— Required work —
Write exactly, with no line omitted or added, the span beginning at the line that holds "z t1))\<^sup>2 +" and ending at the last line of the records.

— Records —

lemma has_vector_derivative_shift_arg:
  assumes "(g has_vector_derivative g') (at (s + t))"
  shows "((\<lambda>t. g (s + t)) has_vector_derivative g') (at t)"
proof -
  have "((\<lambda>t. s + t) has_vector_derivative 1) (at t)"
    by (auto intro!: derivative_eq_intros simp: has_vector_derivative_def)
  from vector_diff_chain_at[OF this assms] show ?thesis by (simp add: o_def)
qed

lemma affine_gronwall:
  fixes g g' :: "real \<Rightarrow> real"
  assumes "a \<le> b"
    and deriv: "\<And>t. (g has_real_derivative g' t) (at t)"
    and bound: "\<And>t. a < t \<Longrightarrow> t < b \<Longrightarrow> g' t \<le> c * (g t + k)"
  shows "g b + k \<le> (g a + k) * exp (c * (b - a))"
proof -
  define h where "h t = (g t + k) * exp (- c * (t - a))" for t
  have h_deriv: "(h has_real_derivative (g' t - c * (g t + k)) * exp (- c * (t - a))) (at t)" for t
    unfolding h_def by (auto intro!: derivative_eq_intros deriv simp: algebra_simps)
  have "h b \<le> h a"
  proof (rule DERIV_nonpos_imp_decreasing_open[OF \<open>a \<le> b\<close>])
    show "\<exists>y. (h has_real_derivative y) (at t) \<and> y \<le> 0" if "a < t" "t < b" for t
      using h_deriv bound[OF that] by (metis diff_le_0_iff_le exp_ge_zero mult_nonpos_nonneg)
    show "continuous_on {a..b} h"
      using h_deriv by (meson DERIV_isCont continuous_at_imp_continuous_on)
  qed
  then have "h b * exp (c * (b - a)) \<le> h a * exp (c * (b - a))"
    by simp
  then show ?thesis
    by (simp add: h_def mult.assoc flip: exp_add)
qed

lemma inner_le_of_norm_le_mult_add:
  fixes v w :: "'a::real_inner"
  assumes "M \<ge> 0" and "norm w \<le> M * (norm v + d)"
  shows "2 * (v \<bullet> w) \<le> 3 * M * ((norm v)\<^sup>2 + d\<^sup>2)"
proof -
  have "2 * (v \<bullet> w) \<le> 2 * (norm v * (M * (norm v + d)))"
    using norm_cauchy_schwarz[of v w] assms(2)
    by (meson mult_left_mono norm_ge_zero order_trans mult_le_cancel_left_pos zero_less_numeral)
  also have "\<dots> = 2 * M * (norm v)\<^sup>2 + M * (2 * norm v * d)"
    by (simp add: algebra_simps power2_eq_square)
  also have "\<dots> \<le> 2 * M * (norm v)\<^sup>2 + M * ((norm v)\<^sup>2 + d\<^sup>2)"
    using sum_squares_bound[of "norm v" d] \<open>M \<ge> 0\<close> by (simp add: mult_left_mono)
  also have "\<dots> \<le> 3 * M * ((norm v)\<^sup>2 + d\<^sup>2)"
    using \<open>M \<ge> 0\<close> by (simp add: algebra_simps)
  finally show ?thesis .
qed

lemma ode_solutions_sq_dist_le:
  fixes f :: "('a::real_inner \<times> real) \<Rightarrow> 'a"
  assumes "a \<le> b" "M \<ge> 0"
    and x_ode: "\<And>t. (x has_vector_derivative f (x t, p t)) (at t)"
    and z_ode: "\<And>t. (z has_vector_derivative f (z t, q t)) (at t)"
    and lip: "\<And>t. a < t \<Longrightarrow> t < b \<Longrightarrow>
      norm (f (x t, p t) - f (z t, q t)) \<le> M * (norm (x t - z t) + d)"
  shows "(norm (x b - z b))\<^sup>2 + d\<^sup>2 \<le> ((norm (x a - z a))\<^sup>2 + d\<^sup>2) * exp (3 * M * (b - a))"
proof (rule affine_gronwall[where g = "\<lambda>t. (norm (x t - z t))\<^sup>2", OF \<open>a \<le> b\<close>])
  show "((\<lambda>t. (norm (x t - z t))\<^sup>2) has_real_derivative
      2 * ((x t - z t) \<bullet> (f (x t, p t) - f (z t, q t)))) (at t)" for t
    unfolding power2_norm_eq_inner
    by (rule has_real_derivative_inner_self) (intro derivative_intros x_ode z_ode)
  show "2 * ((x t - z t) \<bullet> (f (x t, p t) - f (z t, q t))) \<le> 3 * M * ((norm (x t - z t))\<^sup>2 + d\<^sup>2)"
    if "a < t" "t < b" for t
    by (rule inner_le_of_norm_le_mult_add[OF \<open>M \<ge> 0\<close> lip[OF that]])
qed

lemma first_reach_time:
  fixes w :: "real \<Rightarrow> real"
  assumes cont: "continuous_on {a..b} w" and "w a < c" and "t0 \<in> {a..b}" "c \<le> w t0"
  obtains t1 where "a < t1" "t1 \<le> b" "c \<le> w t1" "\<And>t. a \<le> t \<Longrightarrow> t < t1 \<Longrightarrow> w t < c"
proof -
  define S where "S = {a..b} \<inter> w -` {c..}"
  have "closed S"
    unfolding S_def by (intro continuous_closed_preimage cont) auto
  moreover have "t0 \<in> S" and bdd: "bdd_below S"
    using assms by (auto simp: S_def bdd_below_def)
  ultimately have "Inf S \<in> S"
    using closed_contains_Inf by blast
  moreover have "w t < c" if "a \<le> t" "t < Inf S" for t
    using cInf_lower[OF _ bdd, of t] that \<open>Inf S \<in> S\<close> by (force simp: S_def)
  moreover have "Inf S \<noteq> a"
    using \<open>Inf S \<in> S\<close> \<open>w a < c\<close> by (auto simp: S_def)
  ultimately show thesis
    using that[of "Inf S"] by (auto simp: S_def)
qed

lemma ode_continuous_dependence:
  fixes f :: "('a::euclidean_space \<times> real) \<Rightarrow> 'a"
  assumes f: "C1_map f" and "a \<le> b"
    and z_ode: "\<And>t. (z has_vector_derivative f (z t, q t)) (at t)"
    and q_cont: "continuous_on {a..b} q" and "e > 0"
  obtains d where "d > 0"
    "\<And>x p t. (\<And>t. (x has_vector_derivative f (x t, p t)) (at t)) \<Longrightarrow>
       norm (x a - z a) < d \<Longrightarrow> (\<And>t. t \<in> {a..b} \<Longrightarrow> \<bar>p t - q t\<bar> < d) \<Longrightarrow>
       t \<in> {a..b} \<Longrightarrow> norm (x t - z t) < e"
proof -
  have z_cont: "continuous_on {a..b} z"
    using z_ode by (intro continuous_at_imp_continuous_on ballI has_vector_derivative_continuous)
  obtain R where R: "\<And>t. t \<in> {a..b} \<Longrightarrow> norm (z t) \<le> R"
    using continuous_on_compact_bound[OF compact_Icc z_cont] by blast
  obtain Q where "Q \<ge> 0" and Q: "\<And>t. t \<in> {a..b} \<Longrightarrow> \<bar>q t\<bar> \<le> Q"
    using continuous_on_compact_bound[OF compact_Icc q_cont] by (metis real_norm_def)
  obtain M where "M \<ge> 0" and M: "\<And>u v. u \<in> cball 0 (R + Q + 2) \<Longrightarrow> v \<in> cball 0 (R + Q + 2) \<Longrightarrow>
      norm (f u - f v) \<le> M * norm (u - v)"
    using C1_map_lipschitz_on_cball[OF f] by blast
  define e' where "e' = min e 1"
  define E where "E = exp (3 * M * (b - a))"
  \<comment> \<open>Gronwall inflates the initial defect \<open>2 d\<^sup>2\<close> by at most \<open>E\<close>, which this \<open>d\<close> keeps below \<open>e'\<^sup>2\<close>.\<close>
  define d where "d = e' / (2 * E)"
  have "0 < e'" "e' \<le> 1" "e' \<le> e"
    using \<open>e > 0\<close> by (auto simp: e'_def)
  have "E \<ge> 1"
    using \<open>M \<ge> 0\<close> \<open>a \<le> b\<close> by (simp add: E_def)
  then have "0 < d" "d \<le> e' / 2"
    using \<open>0 < e'\<close> by (auto simp: d_def field_simps)
  show thesis
  proof (rule that[OF \<open>0 < d\<close>])
    fix x p t
    assume x_ode: "\<And>t. (x has_vector_derivative f (x t, p t)) (at t)"
      and x_a: "norm (x a - z a) < d" and p_close: "\<And>t. t \<in> {a..b} \<Longrightarrow> \<bar>p t - q t\<bar> < d"
      and t: "t \<in> {a..b}"
    have x_cont: "continuous_on {a..b} x"
      using x_ode by (intro continuous_at_imp_continuous_on ballI has_vector_derivative_continuous)
    show "norm (x t - z t) < e"
    proof (rule ccontr)
      assume "\<not> ?thesis"
      then have "e' \<le> norm (x t - z t)"
        using \<open>e' \<le> e\<close> by linarith
      moreover have "continuous_on {a..b} (\<lambda>s. norm (x s - z s))"
        using x_cont z_cont by (intro continuous_intros)
      moreover have "norm (x a - z a) < e'"
        using x_a \<open>d \<le> e' / 2\<close> \<open>0 < d\<close> by linarith
      ultimately obtain t1 where "a < t1" "t1 \<le> b" and t1_far: "e' \<le> norm (x t1 - z t1)"
        and near: "\<And>s. a \<le> s \<Longrightarrow> s < t1 \<Longrightarrow> norm (x s - z s) < e'"
        using first_reach_time[of a b "\<lambda>s. norm (x s - z s)" e' t] t by blast
      \<comment> \<open>Up to the first exit from the \<open>e'\<close>-tube both solutions stay in the ball where \<open>f\<close> is \<open>M\<close>-Lipschitz.\<close>
      have lip: "norm (f (x s, p s) - f (z s, q s)) \<le> M * (norm (x s - z s) + d)"
        if "a < s" "s < t1" for s
      proof -
        have s: "s \<in> {a..b}"
          using that \<open>t1 \<le> b\<close> by auto
        have "norm (x s - z s) < 1"
          using near[of s] that \<open>e' \<le> 1\<close> by auto
        then have "norm (x s) \<le> R + 1"
          using norm_triangle_ineq[of "x s - z s" "z s"] R[OF s] by simp
        moreover have "\<bar>p s\<bar> \<le> Q + 1"
          using Q[OF s] p_close[OF s] \<open>d \<le> e' / 2\<close> \<open>e' \<le> 1\<close> by linarith
        ultimately have "(x s, p s) \<in> cball 0 (R + Q + 2)"
          using norm_Pair_le[of "x s" "p s"] by simp
        moreover have "(z s, q s) \<in> cball 0 (R + Q + 2)"
          using norm_Pair_le[of "z s" "q s"] R[OF s] Q[OF s] \<open>Q \<ge> 0\<close> by simp
        ultimately have "norm (f (x s, p s) - f (z s, q s)) \<le> M * norm (x s - z s, p s - q s)"
          using M by fastforce
        also have "\<dots> \<le> M * (norm (x s - z s) + d)"
          using norm_Pair_le[of "x s - z s" "p s - q s"] p_close[OF s] \<open>M \<ge> 0\<close>
          by (intro mult_left_mono) auto
        finally show ?thesis .
      qed
      have "(norm (x t1 - z t1))\<^sup>2 + d\<^sup>2 \<le> ((norm (x a - z a))\<^sup>2 + d\<^sup>2) * exp (3 * M * (t1 - a))"
        using \<open>a < t1\<close> by (intro ode_solutions_sq_dist_le[OF _ \<open>M \<ge> 0\<close> x_ode z_ode lip]) auto
      also have "\<dots> \<le> (2 * d\<^sup>2) * E"
      proof (rule mult_mono)
        show "(norm (x a - z a))\<^sup>2 + d\<^sup>2 \<le> 2 * d\<^sup>2"
          using x_a norm_ge_zero[of "x a - z a"] by (simp add: power_mono)
        show "exp (3 * M * (t1 - a)) \<le> E"
          using \<open>M \<ge> 0\<close> \<open>t1 \<le> b\<close> by (simp add: E_def mult_left_mono)
      qed simp_all
      also have "\<dots> < e'\<^sup>2"
        using \<open>E \<ge> 1\<close> \<open>0 < e'\<close> by (simp add: d_def power2_eq_square field_simps)
      finally have "(norm (x t1 - z t1))\<^sup>2 < e'\<^sup>2"
        by (smt (verit) zero_le_power2)
      with t1_far \<open>0 < e'\<close> show False
        by (smt (verit) power_mono)
    qed
  qed
qed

— Answer to this task —
      have "(norm (x t1 - z t1))\<^sup>2 + d\<^sup>2 \<le> ((norm (x a - z a))\<^sup>2 + d\<^sup>2) * exp (3 * M * (t1 - a))"
        using \<open>a < t1\<close> by (intro ode_solutions_sq_dist_le[OF _ \<open>M \<ge> 0\<close> x_ode z_ode lip]) auto
      also have "\<dots> \<le> (2 * d\<^sup>2) * E"
      proof (rule mult_mono)
        show "(norm (x a - z a))\<^sup>2 + d\<^sup>2 \<le> 2 * d\<^sup>2"
          using x_a norm_ge_zero[of "x a - z a"] by (simp add: power_mono)
        show "exp (3 * M * (t1 - a)) \<le> E"
          using \<open>M \<ge> 0\<close> \<open>t1 \<le> b\<close> by (simp add: E_def mult_left_mono)
      qed simp_all
      also have "\<dots> < e'\<^sup>2"
        using \<open>E \<ge> 1\<close> \<open>0 < e'\<close> by (simp add: d_def power2_eq_square field_simps)
      finally have "(norm (x t1 - z t1))\<^sup>2 < e'\<^sup>2"
        by (smt (verit) zero_le_power2)
      with t1_far \<open>0 < e'\<close> show False
        by (smt (verit) power_mono)
    qed
  qed
qed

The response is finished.